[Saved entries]
(* Let x, y realise the diameter D = dist(x, y). The weighted 1-Lipschitz function
   f(z) = -d_z dist(x, z) tests KD_lambda(x, y): write J_lambda f = f - lambda v. Then v lies in
   the Laplacian of a function whose oscillation on every edge is at most 1 + 2 lambda V, where
   V = max_z |v_z| / d_z, so |v_z| <= (1 + 2 lambda V) d_z and hence V <= 1 / (1 - 2 lambda).
   This gives KD_lambda(x, y) >= D - 2 lambda / (1 - 2 lambda), so kappa_lambda(x, y) / lambda
   is at most 2 / ((1 - 2 lambda) D), and kappa_bar(x, y) <= 2 / D.
   Most of the work is to show that J_lambda f is well defined: it exists because the
   resolvent energy has a minimiser, whose first-order optimality condition produces, by a
   separating hyperplane, maximising elements b_e of the sets B_e; it is unique because the
   Laplacian is monotone. *)

lemma hchain_refl: "hchain E x x 0"
  unfolding hchain_def by (rule exI[of _ "\<lambda>_. x"]) simp

lemma hchain_edge: "e \<in> E \<Longrightarrow> x \<in> e \<Longrightarrow> y \<in> e \<Longrightarrow> hchain E x y 1"
  unfolding hchain_def hadj_def
  by (rule exI[of _ "\<lambda>i. if i = 0 then x else y"]) auto

lemma hchain_append:
  assumes "hchain E x y n" "hchain E y z m"
  shows "hchain E x z (n + m)"
proof -
  obtain p where p: "p 0 = x" "p n = y" "\<forall>i<n. hadj E (p i) (p (Suc i))"
    using assms(1) unfolding hchain_def by blast
  obtain q where q: "q 0 = y" "q m = z" "\<forall>i<m. hadj E (q i) (q (Suc i))"
    using assms(2) unfolding hchain_def by blast
  define r where "r i = (if i \<le> n then p i else q (i - n))" for i
  have "hadj E (r i) (r (Suc i))" if "i < n + m" for i
  proof (cases "i < n")
    case True
    then show ?thesis using p(3) by (auto simp: r_def)
  next
    case False
    then have "i - n < m" "Suc i - n = Suc (i - n)" using that by auto
    then show ?thesis using q(3) False p(2) q(1) by (auto simp: r_def)
  qed
  moreover have "r 0 = x" "r (n + m) = z" using p q by (auto simp: r_def)
  ultimately show ?thesis unfolding hchain_def by blast
qed

lemma hchain_reverse:
  assumes "hchain E x y n"
  shows "hchain E y x n"
proof -
  obtain p where p: "p 0 = x" "p n = y" "\<forall>i<n. hadj E (p i) (p (Suc i))"
    using assms unfolding hchain_def by blast
  have "hadj E (p (n - i)) (p (n - Suc i))" if "i < n" for i
  proof -
    have "n - i = Suc (n - Suc i)" using that by auto
    then show ?thesis using p(3)[rule_format, of "n - Suc i"] that unfolding hadj_def by auto
  qed
  then show ?thesis unfolding hchain_def using p(1,2) by (intro exI[of _ "\<lambda>i. p (n - i)"]) auto
qed

lemma hdist_hchain: "hconnected E \<Longrightarrow> hchain E x y (hdist E x y)"
  unfolding hdist_def hconnected_def by (meson LeastI_ex)

lemma hdist_le_hchain: "hchain E x y n \<Longrightarrow> hdist E x y \<le> n"
  unfolding hdist_def by (rule Least_le)

lemma hdist_self [simp]: "hdist E x x = 0"
  using hdist_le_hchain[OF hchain_refl] by simp

lemma hdist_edge_le_1: "e \<in> E \<Longrightarrow> x \<in> e \<Longrightarrow> y \<in> e \<Longrightarrow> hdist E x y \<le> 1"
  by (rule hdist_le_hchain[OF hchain_edge])

lemma hdist_commute: "hconnected E \<Longrightarrow> hdist E x y = hdist E y x"
  by (meson antisym hchain_reverse hdist_hchain hdist_le_hchain)

lemma hdist_triangle: "hconnected E \<Longrightarrow> hdist E x z \<le> hdist E x y + hdist E y z"
  by (meson hchain_append hdist_hchain hdist_le_hchain)

lemma hdiam_attained:
  obtains x y where "hdiam E = hdist E x y"
proof -
  have "finite {hdist E x y | x y. True}"
    by (rule finite_subset[of _ "(\<lambda>(x, y). hdist E x y) ` UNIV"]) auto
  then have "hdiam E \<in> {hdist E x y | x y. True}"
    unfolding hdiam_def by (intro Max_in) auto
  then show ?thesis using that by blast
qed

lemma hdeg_eq_sum: "hdeg E w z = (\<Sum>e\<in>E. w e * (if z \<in> e then 1 else 0))"
  if "finite E"
  using that unfolding hdeg_def by (simp add: sum.inter_filter[symmetric] if_distrib cong: if_cong)

lemma winner_axis_diff:
  "winner E w g (axis x 1 - axis y 1) = g$x / hdeg E w x - g$y / hdeg E w y"
proof -
  have "winner E w g (axis x 1 - axis y 1) =
      (\<Sum>z\<in>UNIV. if z = x then g$x / hdeg E w x else 0) - (\<Sum>z\<in>UNIV. if z = y then g$y / hdeg E w y else 0)"
    unfolding winner_def sum_subtractf[symmetric] by (intro sum.cong refl) (auto simp: axis_def)
  then show ?thesis by simp
qed

lemma wLip1_neg_hdist:
  assumes "hconnected E" "\<forall>z. 0 < hdeg E w z"
  shows "wLip1 E w (\<chi> z. - (hdeg E w z * real (hdist E x z)))"
proof -
  have "\<bar>real (hdist E x b) - real (hdist E x a)\<bar> \<le> real (hdist E a b)" for a b
    using hdist_triangle[OF assms(1), of x a b] hdist_triangle[OF assms(1), of x b a]
      hdist_commute[OF assms(1), of a b] by linarith
  then show ?thesis
    unfolding wLip1_def using assms(2) by (simp add: less_imp_neq[symmetric])
qed

lemma Bset_inner_le:
  fixes h :: "real^'a::finite"
  assumes "b \<in> Bset e" "\<And>x y. x \<in> e \<Longrightarrow> y \<in> e \<Longrightarrow> h$x - h$y \<le> M"
  shows "b \<bullet> h \<le> M"
proof -
  have "{axis x 1 - axis y 1 | x y. x \<in> e \<and> y \<in> e} \<subseteq> {b. h \<bullet> b \<le> M}"
    using assms(2) by (auto simp: inner_diff_right inner_axis)
  then have "Bset e \<subseteq> {b. h \<bullet> b \<le> M}"
    unfolding Bset_def by (intro hull_minimal convex_halfspace_le)
  then show ?thesis using assms(1) by (auto simp: inner_commute)
qed

lemma zero_in_Bset: "e \<noteq> {} \<Longrightarrow> (0::real^'a::finite) \<in> Bset e"
  unfolding Bset_def by (rule hull_inc) auto

lemma Bset_component_bound:
  fixes b :: "real^'a::finite"
  assumes "b \<in> Bset e"
  shows "\<bar>b$z\<bar> \<le> (if z \<in> e then 1 else 0)"
proof -
  let ?C = "{b::real^'a. \<bar>b$z\<bar> \<le> (if z \<in> e then 1 else 0)}"
  have "?C = (\<lambda>b. b$z) -` {- (if z \<in> e then 1 else 0) .. if z \<in> e then 1 else 0}"
    by auto
  then have "convex ?C"
    by (metis convex_linear_vimage convex_real_interval(5) bounded_linear_vec_nth bounded_linear.linear)
  moreover have "{axis x 1 - axis y 1 | x y. x \<in> e \<and> y \<in> e} \<subseteq> ?C"
    by (auto simp: axis_def)
  ultimately have "Bset e \<subseteq> ?C"
    unfolding Bset_def by (intro hull_minimal)
  then show ?thesis using assms by auto
qed

definition osc :: "'a set \<Rightarrow> real^'a::finite \<Rightarrow> real" where
  "osc e h = Max ((\<lambda>(x, y). h$x - h$y) ` (e \<times> e))"

lemma osc_ge: "x \<in> e \<Longrightarrow> y \<in> e \<Longrightarrow> h$x - h$y \<le> osc e h"
  unfolding osc_def by (rule Max_ge) force+

lemma osc_le: "e \<noteq> {} \<Longrightarrow> (\<And>x y. x \<in> e \<Longrightarrow> y \<in> e \<Longrightarrow> h$x - h$y \<le> M) \<Longrightarrow> osc e h \<le> M"
  unfolding osc_def by (subst Max_le_iff) auto

lemma osc_nonneg: "e \<noteq> {} \<Longrightarrow> 0 \<le> osc e h"
  using osc_ge[of _ e _ h] by fastforce

lemma osc_attained:
  assumes "e \<noteq> {}"
  obtains x y where "x \<in> e" "y \<in> e" "h$x - h$y = osc e h"
proof -
  have "osc e h \<in> (\<lambda>(x, y). h$x - h$y) ` (e \<times> e)"
    unfolding osc_def using assms by (intro Max_in) auto
  then show ?thesis using that by force
qed

lemma Bset_inner_le_osc: "b \<in> Bset e \<Longrightarrow> b \<bullet> h \<le> osc e h"
  by (rule Bset_inner_le) (auto intro: osc_ge)

lemma continuous_on_Max_finite:
  fixes F :: "'i \<Rightarrow> 'b::topological_space \<Rightarrow> real"
  assumes "finite I" "I \<noteq> {}" "\<And>i. i \<in> I \<Longrightarrow> continuous_on S (F i)"
  shows "continuous_on S (\<lambda>x. Max ((\<lambda>i. F i x) ` I))"
  using assms
proof (induction I rule: finite_ne_induct)
  case (insert i I)
  have "(\<lambda>x. Max ((\<lambda>i. F i x) ` insert i I)) = (\<lambda>x. max (F i x) (Max ((\<lambda>i. F i x) ` I)))"
    using insert by (auto simp: Max_insert)
  then show ?case using insert by (auto intro!: continuous_on_max)
qed simp

lemma continuous_on_osc [continuous_intros]:
  assumes "continuous_on S g"
  shows "continuous_on S (\<lambda>x. osc e (g x))"
proof (cases "e = {}")
  case False
  have "osc e (g x) = Max ((\<lambda>p. g x$fst p - g x$snd p) ` (e \<times> e))" for x
    unfolding osc_def by (simp add: case_prod_beta)
  then show ?thesis
    using False assms by (auto intro!: continuous_on_Max_finite continuous_intros)
qed (simp add: osc_def)

lemma nLap_iff:
  "v \<in> nLap E w g \<longleftrightarrow> (\<exists>b. v = (\<Sum>e\<in>E. (w e * (b e \<bullet> (\<chi> x. g$x / hdeg E w x))) *\<^sub>R b e) \<and>
      (\<forall>e\<in>E. b e \<in> Bset e \<and> (\<forall>c\<in>Bset e. c \<bullet> (\<chi> x. g$x / hdeg E w x) \<le> b e \<bullet> (\<chi> x. g$x / hdeg E w x))))"
  unfolding nLap_def hLap_def by auto

lemma hLap_monotone:
  assumes ne: "\<forall>e\<in>E. e \<noteq> {}" and wnn: "\<forall>e\<in>E. 0 \<le> w e"
    and v1: "v1 \<in> hLap E w h1" and v2: "v2 \<in> hLap E w h2"
  shows "0 \<le> (v1 - v2) \<bullet> (h1 - h2)"
proof -
  obtain b1 where b1: "v1 = (\<Sum>e\<in>E. (w e * (b1 e \<bullet> h1)) *\<^sub>R b1 e)"
    "\<forall>e\<in>E. b1 e \<in> Bset e \<and> (\<forall>c\<in>Bset e. c \<bullet> h1 \<le> b1 e \<bullet> h1)" using v1 unfolding hLap_def by blast
  obtain b2 where b2: "v2 = (\<Sum>e\<in>E. (w e * (b2 e \<bullet> h2)) *\<^sub>R b2 e)"
    "\<forall>e\<in>E. b2 e \<in> Bset e \<and> (\<forall>c\<in>Bset e. c \<bullet> h2 \<le> b2 e \<bullet> h2)" using v2 unfolding hLap_def by blast
  have "(v1 - v2) \<bullet> (h1 - h2) = (\<Sum>e\<in>E. w e * (b1 e \<bullet> h1) * (b1 e \<bullet> (h1 - h2))
      - w e * (b2 e \<bullet> h2) * (b2 e \<bullet> (h1 - h2)))"
    unfolding b1(1) b2(1) inner_diff_left inner_sum_left sum_subtractf by simp
  also have "\<dots> \<ge> 0"
  proof (intro sum_nonneg)
    fix e assume e: "e \<in> E"
    define m1 m2 where "m1 = b1 e \<bullet> h1" and "m2 = b2 e \<bullet> h2"
    have "0 \<in> Bset e" using ne e by (simp add: zero_in_Bset)
    then have "0 \<le> m1" "b2 e \<bullet> h1 \<le> m1" "0 \<le> m2" "b1 e \<bullet> h2 \<le> m2"
      using b1(2) b2(2) e unfolding m1_def m2_def by fastforce+
    then have "m1 * (b1 e \<bullet> h2) \<le> m1 * m2" "m2 * (b2 e \<bullet> h1) \<le> m2 * m1"
      by (simp_all add: mult_left_mono)
    moreover have "0 \<le> (m1 - m2)^2" by simp
    ultimately have "0 \<le> m1 * (b1 e \<bullet> (h1 - h2)) - m2 * (b2 e \<bullet> (h1 - h2))"
      unfolding inner_diff_right m1_def[symmetric] m2_def[symmetric]
      by (simp add: algebra_simps power2_eq_square)
    then show "0 \<le> w e * (b1 e \<bullet> h1) * (b1 e \<bullet> (h1 - h2)) - w e * (b2 e \<bullet> h2) * (b2 e \<bullet> (h1 - h2))"
      using wnn e unfolding m1_def m2_def by (simp add: mult.assoc flip: right_diff_distrib)
  qed
  finally show ?thesis .
qed

lemma hLap_component_bound:
  fixes E :: "('a::finite) set set"
  assumes ne: "\<forall>e\<in>E. e \<noteq> {}" and wnn: "\<forall>e\<in>E. 0 \<le> w e"
    and v: "v \<in> hLap E w h" and osc_le: "\<forall>e\<in>E. osc e h \<le> M"
  shows "\<bar>v$z\<bar> \<le> M * hdeg E w z"
proof -
  obtain b where b: "v = (\<Sum>e\<in>E. (w e * (b e \<bullet> h)) *\<^sub>R b e)"
    "\<forall>e\<in>E. b e \<in> Bset e \<and> (\<forall>c\<in>Bset e. c \<bullet> h \<le> b e \<bullet> h)" using v unfolding hLap_def by blast
  have "\<bar>v$z\<bar> \<le> (\<Sum>e\<in>E. \<bar>w e * (b e \<bullet> h) * b e $ z\<bar>)"
    unfolding b(1) by (simp add: sum_abs)
  also have "\<dots> \<le> (\<Sum>e\<in>E. M * (w e * (if z \<in> e then 1 else 0)))"
  proof (rule sum_mono)
    fix e assume e: "e \<in> E"
    have "0 \<le> b e \<bullet> h" using b(2) e zero_in_Bset[of e] ne by force
    moreover have "b e \<bullet> h \<le> M" using b(2) e osc_le Bset_inner_le_osc by (meson order_trans)
    moreover have "\<bar>b e $ z\<bar> \<le> (if z \<in> e then 1 else 0)" using Bset_component_bound b(2) e by blast
    ultimately have "(b e \<bullet> h) * \<bar>b e $ z\<bar> \<le> M * (if z \<in> e then 1 else 0)"
      by (intro mult_mono) auto
    then have "w e * ((b e \<bullet> h) * \<bar>b e $ z\<bar>) \<le> w e * (M * (if z \<in> e then 1 else 0))"
      using wnn e by (intro mult_left_mono) auto
    then show "\<bar>w e * (b e \<bullet> h) * b e $ z\<bar> \<le> M * (w e * (if z \<in> e then 1 else 0))"
      using wnn e \<open>0 \<le> b e \<bullet> h\<close> by (simp add: abs_mult mult_ac)
  qed
  also have "\<dots> = M * hdeg E w z"
    by (simp add: hdeg_eq_sum sum_distrib_left)
  finally show ?thesis .
qed

lemma convex_sum_convex_hulls:
  fixes g :: "'v::real_vector" and A :: "'i \<Rightarrow> 'v set"
  shows "convex ((\<lambda>b. g + (\<Sum>i\<in>I. c i *\<^sub>R b i)) ` {b. \<forall>i\<in>I. b i \<in> convex hull (A i)})"
proof -
  define p where "p b = g + (\<Sum>i\<in>I. c i *\<^sub>R b i)" for b
  define B where "B = {b. \<forall>i\<in>I. b i \<in> convex hull (A i)}"
  have "s *\<^sub>R x + t *\<^sub>R y \<in> p ` B"
    if x: "x \<in> p ` B" and y: "y \<in> p ` B" and st: "0 \<le> s" "0 \<le> t" "s + t = 1" for x y s t
  proof -
    obtain b1 b2 where b1: "x = p b1" "b1 \<in> B" and b2: "y = p b2" "b2 \<in> B"
      using x y by blast
    have "s *\<^sub>R x + t *\<^sub>R y = (s + t) *\<^sub>R g + (\<Sum>i\<in>I. c i *\<^sub>R (s *\<^sub>R b1 i + t *\<^sub>R b2 i))"
      unfolding b1 b2 p_def
      by (simp add: scaleR_add_right scaleR_add_left scaleR_sum_right sum.distrib algebra_simps)
    then have "s *\<^sub>R x + t *\<^sub>R y = p (\<lambda>i. s *\<^sub>R b1 i + t *\<^sub>R b2 i)"
      using st unfolding p_def by simp
    moreover have "(\<lambda>i. s *\<^sub>R b1 i + t *\<^sub>R b2 i) \<in> B"
      using b1 b2 st unfolding B_def by (auto intro: convexD[OF convex_convex_hull])
    ultimately show ?thesis by blast
  qed
  then have "convex (p ` B)" unfolding convex_def by blast
  then show ?thesis unfolding p_def B_def .
qed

WORK REQUIRED: Look for the word "assms" in every line of the records. State how many lines contain it, and write only the number.

RESULT FOR THIS EXERCISE: 12